What is the best way for a prince to be while playing this great game? Machiavelli attempts to answer this. Machiavelli was a learned man. He read many works from classical Greek and Roman times. This gave him depth of understanding. This enhanced his ability to analyze the methods of princes to determine their effectiveness. His hope was to give his sovereign of Florence such understanding as well. And Machiavelli was blunt.

The Prince consists of 25 short chapters. I’ll not cover them all now. I’ll not cover most. I will, however, convey a few dark tactics Machiavelli explains princes should employ that, ultimately, shed light on the naivety of people who believe government is their friend, and wouldn’t employ great subterfuge to manipulate populations, which is precisely what Machiavelli is teaching here.

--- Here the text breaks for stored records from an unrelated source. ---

lemma borel_measurable_cramer_gp_weights:
  fixes k :: "'b::euclidean_space \<Rightarrow> 'b \<Rightarrow> real" and Xs :: "'n::finite \<Rightarrow> 'a \<Rightarrow> 'b"
  assumes k: "(\<lambda>p. k (fst p) (snd p)) \<in> borel_measurable borel"
    and Xs: "\<And>i. Xs i \<in> borel_measurable M"
  shows "(\<lambda>\<omega>. cramer_solve (gram k (\<lambda>i. Xs i \<omega>) + lam^2 *\<^sub>R mat 1) (kvec k (\<lambda>i. Xs i \<omega>) x))
           \<in> borel_measurable M"
  by (intro borel_measurable_cramer_solve)
     (auto simp: gram_def kvec_def mat_def intro!: borel_measurable_add borel_measurable_kernel_compose[OF k] Xs)

lemma gp_var_eq_gp_weights:
  "gp_var k lam Xn x = k x x - kvec k Xn x \<bullet> gp_weights k lam Xn x"
  unfolding gp_var_def gp_weights_def ..

lemma borel_measurable_gp_sample:
  fixes k :: "'b::euclidean_space \<Rightarrow> 'b \<Rightarrow> real" and Xs :: "'n::finite \<Rightarrow> 'a \<Rightarrow> 'b"
  assumes kernel: "pd_kernel X k" and k: "(\<lambda>p. k (fst p) (snd p)) \<in> borel_measurable borel"
    and lam: "lam \<noteq> 0"
    and Xs: "\<And>i. Xs i \<in> borel_measurable M" and Xs_in: "\<And>i \<omega>. \<omega> \<in> space M \<Longrightarrow> Xs i \<omega> \<in> X"
    and Y: "Y \<in> borel_measurable M"
  shows "(\<lambda>\<omega>. gp_mean k lam (\<lambda>i. Xs i \<omega>) (Y \<omega>) x) \<in> borel_measurable M"
    and "(\<lambda>\<omega>. gp_sd k lam (\<lambda>i. Xs i \<omega>) x) \<in> borel_measurable M"
proof -
  define W where "W \<omega> = cramer_solve (gram k (\<lambda>i. Xs i \<omega>) + lam^2 *\<^sub>R mat 1) (kvec k (\<lambda>i. Xs i \<omega>) x)" for \<omega>
  have W: "W \<in> borel_measurable M"
    unfolding W_def by (rule borel_measurable_cramer_gp_weights[OF k Xs])
  have kv: "(\<lambda>\<omega>. kvec k (\<lambda>i. Xs i \<omega>) x) \<in> borel_measurable M"
    unfolding kvec_def
    by (intro borel_measurable_vec_lambda borel_measurable_kernel_compose[OF k borel_measurable_const Xs])
  have sample: "range (\<lambda>i. Xs i \<omega>) \<subseteq> X" if "\<omega> \<in> space M" for \<omega>
    using Xs_in that by auto
  have W_eq: "gp_weights k lam (\<lambda>i. Xs i \<omega>) x = W \<omega>" if "\<omega> \<in> space M" for \<omega>
    unfolding W_def by (rule gp_weights_eq_cramer_solve[OF kernel sample[OF that] lam])
  have "(\<lambda>\<omega>. W \<omega> \<bullet> Y \<omega>) \<in> borel_measurable M"
    using W Y by (rule borel_measurable_inner)
  then show "(\<lambda>\<omega>. gp_mean k lam (\<lambda>i. Xs i \<omega>) (Y \<omega>) x) \<in> borel_measurable M"
    by (rule measurable_cong[THEN iffD1, rotated])
       (simp add: W_eq gp_mean_eq_inner_gp_weights[OF kernel sample lam])
  have "(\<lambda>\<omega>. sqrt (k x x - kvec k (\<lambda>i. Xs i \<omega>) x \<bullet> W \<omega>)) \<in> borel_measurable M"
    using kv W by measurable
  then show "(\<lambda>\<omega>. gp_sd k lam (\<lambda>i. Xs i \<omega>) x) \<in> borel_measurable M"
    by (rule measurable_cong[THEN iffD1, rotated])
       (simp add: gp_sd_def gp_var_eq_gp_weights W_eq)
qed

lemma sets_gp_deviation_event:
  fixes k :: "'b::euclidean_space \<Rightarrow> 'b \<Rightarrow> real" and Xs :: "'n::finite \<Rightarrow> 'a \<Rightarrow> 'b"
  assumes kernel: "pd_kernel X k" and k: "(\<lambda>p. k (fst p) (snd p)) \<in> borel_measurable borel"
    and f: "in_rkhs_ball X k f B" and lam: "lam \<noteq> 0"
    and Xs: "\<And>i. Xs i \<in> borel_measurable M" and Xs_in: "\<And>i \<omega>. \<omega> \<in> space M \<Longrightarrow> Xs i \<omega> \<in> X"
    and eps: "\<And>i. eps i \<in> borel_measurable M"
  shows "{\<omega> \<in> space M. s * (gp_mean k lam (\<lambda>i. Xs i \<omega>) (\<chi> i. f (Xs i \<omega>) + eps i \<omega>) x - f x)
           \<le> c * gp_sd k lam (\<lambda>i. Xs i \<omega>) x} \<in> sets M"
proof -
  have "(\<lambda>\<omega>. \<chi> i. f (Xs i \<omega>) + eps i \<omega>) \<in> borel_measurable M"
    using rkhs_ball_borel_measurable_compose[OF f k Xs Xs_in] eps
    by (auto intro!: borel_measurable_vec_lambda)
  then have "(\<lambda>\<omega>. gp_mean k lam (\<lambda>i. Xs i \<omega>) (\<chi> i. f (Xs i \<omega>) + eps i \<omega>) x) \<in> borel_measurable M"
    "(\<lambda>\<omega>. gp_sd k lam (\<lambda>i. Xs i \<omega>) x) \<in> borel_measurable M"
    using borel_measurable_gp_sample[where Xs=Xs, OF kernel k lam] Xs Xs_in by auto
  then show ?thesis by measurable
qed

section \<open>Confidence bounds\<close>

lemma gp_mean_deviation_le:
  assumes kernel: "pd_kernel X k" and f: "in_rkhs_ball X k f B" and "0 \<le> B"
    and Xn: "range Xn \<subseteq> X" and x: "x \<in> X" and lam: "lam > 0" and s: "\<bar>s\<bar> = 1" and "0 \<le> \<beta>"
    and noise: "s * (gp_weights k lam Xn x \<bullet> E) \<le> lam * \<beta> * norm (gp_weights k lam Xn x)"
  shows "s * (gp_mean k lam Xn (\<chi> i. f (Xn i) + E$i) x - f x) \<le> (B + \<beta>) * gp_sd k lam Xn x"
proof -
  let ?a = "gp_weights k lam Xn x"
  have "(\<chi> i. f (Xn i) + E$i) = (\<chi> i. f (Xn i)) + E"
    by (simp add: vec_eq_iff)
  then have "gp_mean k lam Xn (\<chi> i. f (Xn i) + E$i) x = ?a \<bullet> (\<chi> i. f (Xn i)) + ?a \<bullet> E"
    using gp_mean_eq_inner_gp_weights[OF kernel Xn] lam by (simp add: inner_add_right)
  moreover have "s * (?a \<bullet> (\<chi> i. f (Xn i)) - f x) \<le> \<bar>f x - ?a \<bullet> (\<chi> i. f (Xn i))\<bar>"
    using s abs_ge_self[of "s * (?a \<bullet> (\<chi> i. f (Xn i)) - f x)"]
    by (simp add: abs_mult abs_minus_commute)
  moreover have "\<bar>f x - ?a \<bullet> (\<chi> i. f (Xn i))\<bar> \<le> B * gp_sd k lam Xn x"
    using gp_noise_free_error[OF kernel f \<open>0 \<le> B\<close> Xn x] lam by simp
  moreover have "lam * \<beta> * norm ?a \<le> \<beta> * gp_sd k lam Xn x"
    using gp_weights_norm_le_gp_sd[OF kernel Xn x lam] \<open>0 \<le> \<beta>\<close>
    by (metis mult.assoc mult.commute mult_left_mono)
  ultimately show ?thesis
    using noise by (simp add: algebra_simps)
qed

lemma (in prob_space) weighted_subgaussian_tail_indep:
  fixes Z :: "'a \<Rightarrow> 'b::topological_space" and W :: "'b \<Rightarrow> real^'n::finite"
    and eps :: "'n \<Rightarrow> 'a \<Rightarrow> real"
  assumes Z: "Z \<in> borel_measurable M" and eps_meas: "\<And>i. eps i \<in> borel_measurable M"
    and W: "W \<in> borel_measurable borel"
    and indep: "indep_set {Z -` A \<inter> space M | A. A \<in> sets borel}
        {(\<lambda>\<omega>. \<chi> i. eps i \<omega>) -` A \<inter> space M | A. A \<in> sets borel}"
    and eps_indep: "indep_vars (\<lambda>_. borel) eps UNIV"
    and mgf_int: "\<And>i h. \<bar>h\<bar> \<le> h0 \<Longrightarrow> integrable M (\<lambda>\<omega>. exp (h * eps i \<omega>))"
    and mgf: "\<And>i h. \<bar>h\<bar> \<le> h0 \<Longrightarrow> expectation (\<lambda>\<omega>. exp (h * eps i \<omega>)) \<le> exp (h^2 * xi0 / 2)"
    and h0: "h0 > 0" and xi0: "xi0 > 0" and \<delta>: "0 < \<delta>" "\<delta> < 1"
  shows "prob {\<omega> \<in> space M. W (Z \<omega>) \<bullet> (\<chi> i. eps i \<omega>) > conf_beta 1 xi0 h0 \<delta> * norm (W (Z \<omega>))} \<le> \<delta>"
proof (rule prob_indep_set_vimages_le[OF Z _ indep,
      where P="\<lambda>u e. W u \<bullet> e > conf_beta 1 xi0 h0 \<delta> * norm (W u)"])
  show "(\<lambda>\<omega>. \<chi> i. eps i \<omega>) \<in> borel_measurable M"
    by (intro borel_measurable_vec_lambda eps_meas)
  show "{p \<in> space (borel \<Otimes>\<^sub>M borel). W (fst p) \<bullet> snd p > conf_beta 1 xi0 h0 \<delta> * norm (W (fst p))}
      \<in> sets (borel \<Otimes>\<^sub>M (borel :: (real^'n) measure))"
    using W by measurable
  show "prob {\<omega> \<in> space M. W u \<bullet> (\<chi> i. eps i \<omega>) > conf_beta 1 xi0 h0 \<delta> * norm (W u)} \<le> \<delta>" for u
    by (rule subgaussian_inner_tail[OF eps_indep mgf_int mgf h0 xi0 \<delta>])
qed (use \<delta> in simp)

lemma (in prob_space) prob_ge_of_compl_subset:
  assumes "A \<in> events" "prob A \<le> \<delta>" "B \<in> events" "space M - A \<subseteq> B"
  shows "1 - \<delta> \<le> prob B"
  using finite_measure_mono[OF assms(4,3)] prob_compl[OF assms(1)] assms(2) by simp

lemma conf_beta_nonneg:
  assumes "0 \<le> lam" "0 < \<delta>" "\<delta> \<le> 1"
  shows "0 \<le> conf_beta lam xi0 h0 \<delta>"
  using assms unfolding conf_beta_def
  by (auto intro!: mult_nonneg_nonneg divide_nonneg_nonneg simp: le_max_iff_disj)

lemma mult_conf_beta:
  assumes "lam \<noteq> 0"
  shows "lam * conf_beta lam xi0 h0 \<delta> = conf_beta 1 xi0 h0 \<delta>"
  using assms unfolding conf_beta_def by simp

Should a prince be loved or feared? Good question. To be loved by the people is to solidify your power over them. However, their love is conditional. It is capricious. It can go away if you as the prince make mistakes. Far better it is to have your people fear you than love you. After all, that fear is not capricious. So long as your people know they can be chastised by you, that fear will motivate them in the direction you would have them go. Love may or may not so motivate them. Fear always will.

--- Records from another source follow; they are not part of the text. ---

lemma nn_entropy_le_cross_entropy:
  assumes r: "\<And>y. y \<in> set_pmf q \<Longrightarrow> 0 < r y \<and> r y \<le> 1"
    and r_total: "(\<integral>\<^sup>+ y. indicator (set_pmf q) y * ennreal (r y) \<partial>count_space UNIV) \<le> 1"
  shows "nn_entropy q \<le> (\<integral>\<^sup>+ y. ennreal (- ln (r y)) \<partial>measure_pmf q)"
proof -
  let ?CE = "\<integral>\<^sup>+ y. ennreal (- ln (r y)) \<partial>measure_pmf q"
  have pointwise: "ennreal (pmf q y) * ennreal (- ln (pmf q y)) + ennreal (pmf q y)
      \<le> ennreal (pmf q y) * ennreal (- ln (r y)) + indicator (set_pmf q) y * ennreal (r y)" for y
  proof (cases "y \<in> set_pmf q")
    case True
    have q: "0 < pmf q y" using True by (simp add: pmf_positive)
    have "0 < r y" "r y \<le> 1" using r[OF True] by auto
    have "ennreal (pmf q y * (- ln (pmf q y)) + pmf q y) \<le> ennreal (pmf q y * (- ln (r y)) + r y)"
      using ln_gibbs_pointwise[OF q \<open>0 < r y\<close>] by (rule ennreal_leI)
    moreover have "0 \<le> - ln (r y)" "0 \<le> pmf q y * (- ln (pmf q y))" "0 \<le> pmf q y * (- ln (r y))"
      using q \<open>0 < r y\<close> \<open>r y \<le> 1\<close> neg_ln_pmf_nonneg[of q y] by (simp_all add: mult_nonneg_nonpos)
    ultimately show ?thesis
      using q \<open>0 < r y\<close> True neg_ln_pmf_nonneg[of q y]
      by (simp only: ennreal_mult[symmetric] ennreal_plus[symmetric] less_imp_le indicator_simps mult_1)
  qed (simp add: set_pmf_iff)
  have "nn_entropy q + 1
      = (\<integral>\<^sup>+ y. ennreal (pmf q y) * ennreal (- ln (pmf q y)) + ennreal (pmf q y) \<partial>count_space UNIV)"
    unfolding nn_entropy_def nn_integral_measure_pmf nn_integral_pmf_UNIV[of q, symmetric]
    by (subst nn_integral_add) auto
  also have "\<dots> \<le> (\<integral>\<^sup>+ y. ennreal (pmf q y) * ennreal (- ln (r y))
      + indicator (set_pmf q) y * ennreal (r y) \<partial>count_space UNIV)"
    by (intro nn_integral_mono pointwise)
  also have "\<dots> = ?CE + (\<integral>\<^sup>+ y. indicator (set_pmf q) y * ennreal (r y) \<partial>count_space UNIV)"
    unfolding nn_integral_measure_pmf by (subst nn_integral_add) auto
  also have "\<dots> \<le> ?CE + 1" using r_total by (intro add_left_mono)
  finally show ?thesis by (simp add: add.commute ennreal_add_left_cancel_le)
qed

lemma nn_integral_count_space_fibers:
  "(\<integral>\<^sup>+ y. F y \<partial>count_space UNIV)
   = (\<integral>\<^sup>+ a. \<integral>\<^sup>+ y. (if \<alpha> y = a then F y else 0) \<partial>count_space UNIV \<partial>count_space UNIV)"
proof -
  let ?G = "\<lambda>(a, y). if \<alpha> y = a then F y else 0"
  have "(\<integral>\<^sup>+ a. \<integral>\<^sup>+ y. ?G (a, y) \<partial>count_space UNIV \<partial>count_space UNIV)
      = (\<integral>\<^sup>+ y. \<integral>\<^sup>+ a. ?G (a, y) \<partial>count_space UNIV \<partial>count_space UNIV)"
    by (simp only: nn_integral_fst_count_space nn_integral_snd_count_space)
  also have "\<dots> = (\<integral>\<^sup>+ y. F y \<partial>count_space UNIV)"
  proof (rule nn_integral_cong)
    fix y
    have "(\<integral>\<^sup>+ a. ?G (a, y) \<partial>count_space UNIV) = (\<integral>\<^sup>+ a. F y * indicator {\<alpha> y} a \<partial>count_space UNIV)"
      by (rule nn_integral_cong) (auto split: split_indicator)
    then show "(\<integral>\<^sup>+ a. ?G (a, y) \<partial>count_space UNIV) = F y"
      by (simp add: nn_integral_cmult_indicator)
  qed
  finally show ?thesis by simp
qed

lemma nn_integral_pmf_inj_image_le:
  assumes "inj_on \<beta> T" "\<beta> ` T \<subseteq> \<epsilon> -` {d}"
  shows "(\<integral>\<^sup>+ y. ennreal (pmf q (\<beta> y)) \<partial>count_space T) \<le> pmf (map_pmf \<epsilon> q) d"
proof -
  have "(\<integral>\<^sup>+ y. ennreal (pmf q (\<beta> y)) \<partial>count_space T)
      = (\<integral>\<^sup>+ b. ennreal (pmf q b) \<partial>count_space (\<beta> ` T))"
    using assms(1) by (intro nn_integral_bij_count_space inj_on_imp_bij_betw)
  also have "\<dots> \<le> (\<integral>\<^sup>+ b. ennreal (pmf q b) \<partial>count_space (\<epsilon> -` {d}))"
    using assms(2) by (subst (1 2) nn_integral_count_space_indicator)
      (auto intro!: nn_integral_mono simp: image_subset_iff split: split_indicator)
  also have "\<dots> = pmf (map_pmf \<epsilon> q) d"
    by (simp add: nn_integral_pmf pmf_map measure_pmf.emeasure_eq_measure)
  finally show ?thesis .
qed

text \<open>The weight of \<open>y\<close> under the coupling of the laws of \<open>\<alpha>\<close> and \<open>\<beta>\<close> that makes them
  conditionally independent given \<open>\<delta> \<circ> \<alpha>\<close>.\<close>

definition cond_indep_weight :: "'a pmf \<Rightarrow> ('a \<Rightarrow> 'b) \<Rightarrow> ('a \<Rightarrow> 'c) \<Rightarrow> ('b \<Rightarrow> 'd) \<Rightarrow> 'a \<Rightarrow> real" where
  "cond_indep_weight q \<alpha> \<beta> \<delta> y =
     pmf (map_pmf \<alpha> q) (\<alpha> y) * pmf (map_pmf \<beta> q) (\<beta> y) / pmf (map_pmf \<delta> (map_pmf \<alpha> q)) (\<delta> (\<alpha> y))"

context
  fixes q :: "'a pmf" and \<alpha> :: "'a \<Rightarrow> 'b" and \<beta> :: "'a \<Rightarrow> 'c" and \<delta> :: "'b \<Rightarrow> 'd" and \<epsilon> :: "'c \<Rightarrow> 'd"
  assumes common_coarsening: "\<And>y. \<delta> (\<alpha> y) = \<epsilon> (\<beta> y)"
begin

private abbreviation "qa \<equiv> map_pmf \<alpha> q"
private abbreviation "qb \<equiv> map_pmf \<beta> q"
private abbreviation "qd \<equiv> map_pmf \<delta> (map_pmf \<alpha> q)"
private abbreviation "w \<equiv> cond_indep_weight q \<alpha> \<beta> \<delta>"

private lemma qd_eq_map_qb: "qd = map_pmf \<epsilon> qb"
  by (simp add: map_pmf_comp common_coarsening)

private lemma marginals_pos:
  assumes "y \<in> set_pmf q"
  shows "0 < pmf qa (\<alpha> y)" "0 < pmf qb (\<beta> y)" "pmf qb (\<beta> y) \<le> pmf qd (\<delta> (\<alpha> y))"
proof -
  have "0 < pmf q y" using assms by (simp add: pmf_positive)
  then show "0 < pmf qa (\<alpha> y)" "0 < pmf qb (\<beta> y)"
    using pmf_le_pmf_map_pmf[of q y \<alpha>] pmf_le_pmf_map_pmf[of q y \<beta>] by linarith+
  show "pmf qb (\<beta> y) \<le> pmf qd (\<delta> (\<alpha> y))"
    unfolding qd_eq_map_qb common_coarsening by (rule pmf_le_pmf_map_pmf)
qed

lemma cond_indep_weight_bounds:
  assumes "y \<in> set_pmf q"
  shows "0 < w y \<and> w y \<le> 1"
proof -
  note pos = marginals_pos[OF assms]
  have "w y = pmf qa (\<alpha> y) * (pmf qb (\<beta> y) / pmf qd (\<delta> (\<alpha> y)))"
    unfolding cond_indep_weight_def by simp
  also have "\<dots> \<le> 1 * 1"
    using pos by (intro mult_mono) (simp_all add: pmf_le_1)
  finally show ?thesis
    using pos unfolding cond_indep_weight_def by simp
qed

lemma neg_ln_cond_indep_weight:
  assumes "y \<in> set_pmf q"
  shows "- ln (pmf qa (\<alpha> y)) + - ln (pmf qb (\<beta> y)) = - ln (w y) + - ln (pmf qd (\<delta> (\<alpha> y)))"
  using marginals_pos[OF assms] unfolding cond_indep_weight_def by (simp add: ln_div ln_mult)

lemma cond_indep_weight_fiber_le:
  assumes inj: "inj_on (\<lambda>y. (\<alpha> y, \<beta> y)) (set_pmf q)"
  shows "(\<integral>\<^sup>+ y. (if \<alpha> y = a then indicator (set_pmf q) y * ennreal (w y) else 0) \<partial>count_space UNIV)
      \<le> pmf qa a"
proof -
  define T where "T = {y \<in> set_pmf q. \<alpha> y = a}"
  define c where "c = pmf qa a / pmf qd (\<delta> a)"
  have "(\<integral>\<^sup>+ y. (if \<alpha> y = a then indicator (set_pmf q) y * ennreal (w y) else 0) \<partial>count_space UNIV)
      = (\<integral>\<^sup>+ y. ennreal c * ennreal (pmf qb (\<beta> y)) \<partial>count_space T)"
    by (subst (2) nn_integral_count_space_indicator, simp, intro nn_integral_cong)
      (auto simp: T_def c_def cond_indep_weight_def ennreal_mult[symmetric] split: split_indicator)
  also have "\<dots> = ennreal c * (\<integral>\<^sup>+ y. ennreal (pmf qb (\<beta> y)) \<partial>count_space T)"
    by (rule nn_integral_cmult) simp
  also have "\<dots> \<le> ennreal c * pmf qd (\<delta> a)"
    unfolding qd_eq_map_qb
  proof (intro mult_left_mono nn_integral_pmf_inj_image_le)
    show "inj_on \<beta> T"
      using inj unfolding T_def inj_on_def by auto
  qed (auto simp: T_def common_coarsening[symmetric])
  also have "\<dots> \<le> pmf qa a"
    unfolding c_def by (cases "pmf qd (\<delta> a) = 0") (simp_all add: ennreal_mult[symmetric])
  finally show ?thesis .
qed

lemma cond_indep_weight_total_le_1:
  assumes "inj_on (\<lambda>y. (\<alpha> y, \<beta> y)) (set_pmf q)"
  shows "(\<integral>\<^sup>+ y. indicator (set_pmf q) y * ennreal (w y) \<partial>count_space UNIV) \<le> 1"
proof -
  have "(\<integral>\<^sup>+ y. indicator (set_pmf q) y * ennreal (w y) \<partial>count_space UNIV)
      = (\<integral>\<^sup>+ a. \<integral>\<^sup>+ y. (if \<alpha> y = a then indicator (set_pmf q) y * ennreal (w y) else 0)
           \<partial>count_space UNIV \<partial>count_space UNIV)"
    by (rule nn_integral_count_space_fibers)
  also have "\<dots> \<le> (\<integral>\<^sup>+ a. ennreal (pmf qa a) \<partial>count_space UNIV)"
    by (intro nn_integral_mono cond_indep_weight_fiber_le[OF assms])
  also have "\<dots> = 1" by (rule nn_integral_pmf_UNIV)
  finally show ?thesis .
qed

Should you always keep your word? If profitable, yes. If not, not. Again, honoring your word may weaken your power base. Because your power is your top priority, you must make decisions on this. Your treachery will be forgotten if, after breaking your word, you strive to be good again.

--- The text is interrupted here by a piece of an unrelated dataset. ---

(* Let $\mathcal{A}$ be a commutative $\sigma$-finite W*-algebra or a commutative AW*-algebra, and let $\mathcal{E}$ be a Hilbert C*-module over $\mathcal{A}$ of rank $d$. Let $n\geq d$ and let $\{\tau_j\}_{j=1}^n$ be a collection of vectors in $\mathcal{E}$ with $\langle \tau_j,\tau_j\rangle=1$ for all $1\leq j\leq n$. Then, for every $m\in\mathbb{N}$, \[ \sum_{j=1}^n\sum_{k=1}^n\|\langle \tau_j, \tau_k\rangle \|^{2m}\geq \sum_{j=1}^n\sum_{k=1}^n\langle \tau_j, \tau_k\rangle ^{m}\langle \tau_k, \tau_j\rangle ^{m}\geq \frac{n^2}{{d+m-1\choose m}}, \] in particular \[ \sum_{j=1}^n\sum_{k=1}^n\|\langle \tau_j, \tau_k\rangle \|^{2} \geq \sum_{j=1}^n\sum_{k=1}^n\langle \tau_j, \tau_k\rangle \langle \tau_k, \tau_j\rangle \geq \frac{n^2}{d}. \] Further (for $n\geq 2$), for every $m\in\mathbb{N}$, \[ \max _{1\leq j,k \leq n,\, j\neq k}\|\langle \tau_j, \tau_k\rangle \|^{2m}\geq \frac{1}{n-1}\left[\frac{n}{{d+m-1\choose m}}-1\right], \] and in particular \[ \max _{1\leq j,k \leq n,\, j\neq k}\|\langle \tau_j, \tau_k\rangle \|^{2}\geq\frac{n-d}{d(n-1)}. \]
   Context: A W*-algebra is $\sigma$-finite if it contains at most countably many mutually orthogonal (nonzero) projections. A C*-algebra is an AW*-algebra if every set of orthogonal projections has a supremum and every maximal commutative self-adjoint subalgebra is generated by its projections. Such algebras are unital, with identity $1$. The $\mathcal{A}$-valued inner product on $\mathcal{E}$ is linear in the first variable and conjugate-linear in the second; $\mathcal{A}$ acts from the left. $\mathcal{E}$ has rank $d$ if it has an orthonormal basis $\{\omega_j\}_{j=1}^d$, i.e. $\langle\omega_j,\omega_k\rangle=\delta_{jk}1$ and $x=\sum_{j=1}^d\langle x,\omega_j\rangle\omega_j$ for all $x\in\mathcal{E}$. Inequalities between elements of $\mathcal{A}$ refer to the order on self-adjoint elements, a real number $c$ being identified with $c\cdot1$; $\|\cdot\|$ is the C*-norm of $\mathcal{A}$. *)

theory Defs
  imports "HOL-Analysis.Analysis"
begin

If you must commit crimes to seize power, makes a list of all the ones you must do and execute them quickly, all at once, so you have time to let the people heal, and come to love you.

Chapter after chapter I could encapsulate. But you should read The Prince yourself. It’s a classic. There is a reason why people 500 years later are still reading it.

And it’s 100% applicable today. The art of ruling populations is still practiced. Plotting, intimidation, conspiracy, murder, warfare and all these means for augmenting the power of the state are practiced today as much as they ever were. Or do you think those in power no longer want to lord over others?

Of course they do. They’ve just gotten better at it. They’ve got Mass Media and Big Tech to paint pictures of reality to maximize docility to nefarious plans. They’ve programmed millions to call those who question the painted reality conspiracy theorists. And they’re good at what they do.

The essence of ruling is understanding human nature. It is understanding where to apply pressure, and when to allow resistance. It is reading correctly those you wish to rule, and taking calculated steps, be they cruel or loving, violent or generous, to maximize their subordination to your aims. Thus, The Prince.

Machiavelli advocates moral flexibility throughout his book. It is not warranted to determine the morality or honor of a course of action. There is only what works. There is only what will augment or perpetuate your rule. Power is the ultimate end.

Again, why would you think such dark practicality is not fundamental for those ruling populations today? Of course it is. You say elections are transparent? You say the media stands guard over the government? You say the government is acting in the best interests of the people because it must care about them?

No. You haven’t read your history. You haven’t considered whether the thousand points of pressure upon your life that compel you to think or act a certain way is not some highly calculated or orchestrated thing. If such pressure ultimately yields more power to the state, the chances are that pressure is orchestrated. Why would you think pressures rendering mass molding of behavior and psychology of the ruled be a random thing born of chaos?

That’s why I loved The Prince. A good prince 500 years ago in the war-torn Italian Peninsula calculated more than his subjects could comprehend. Nothing has changed.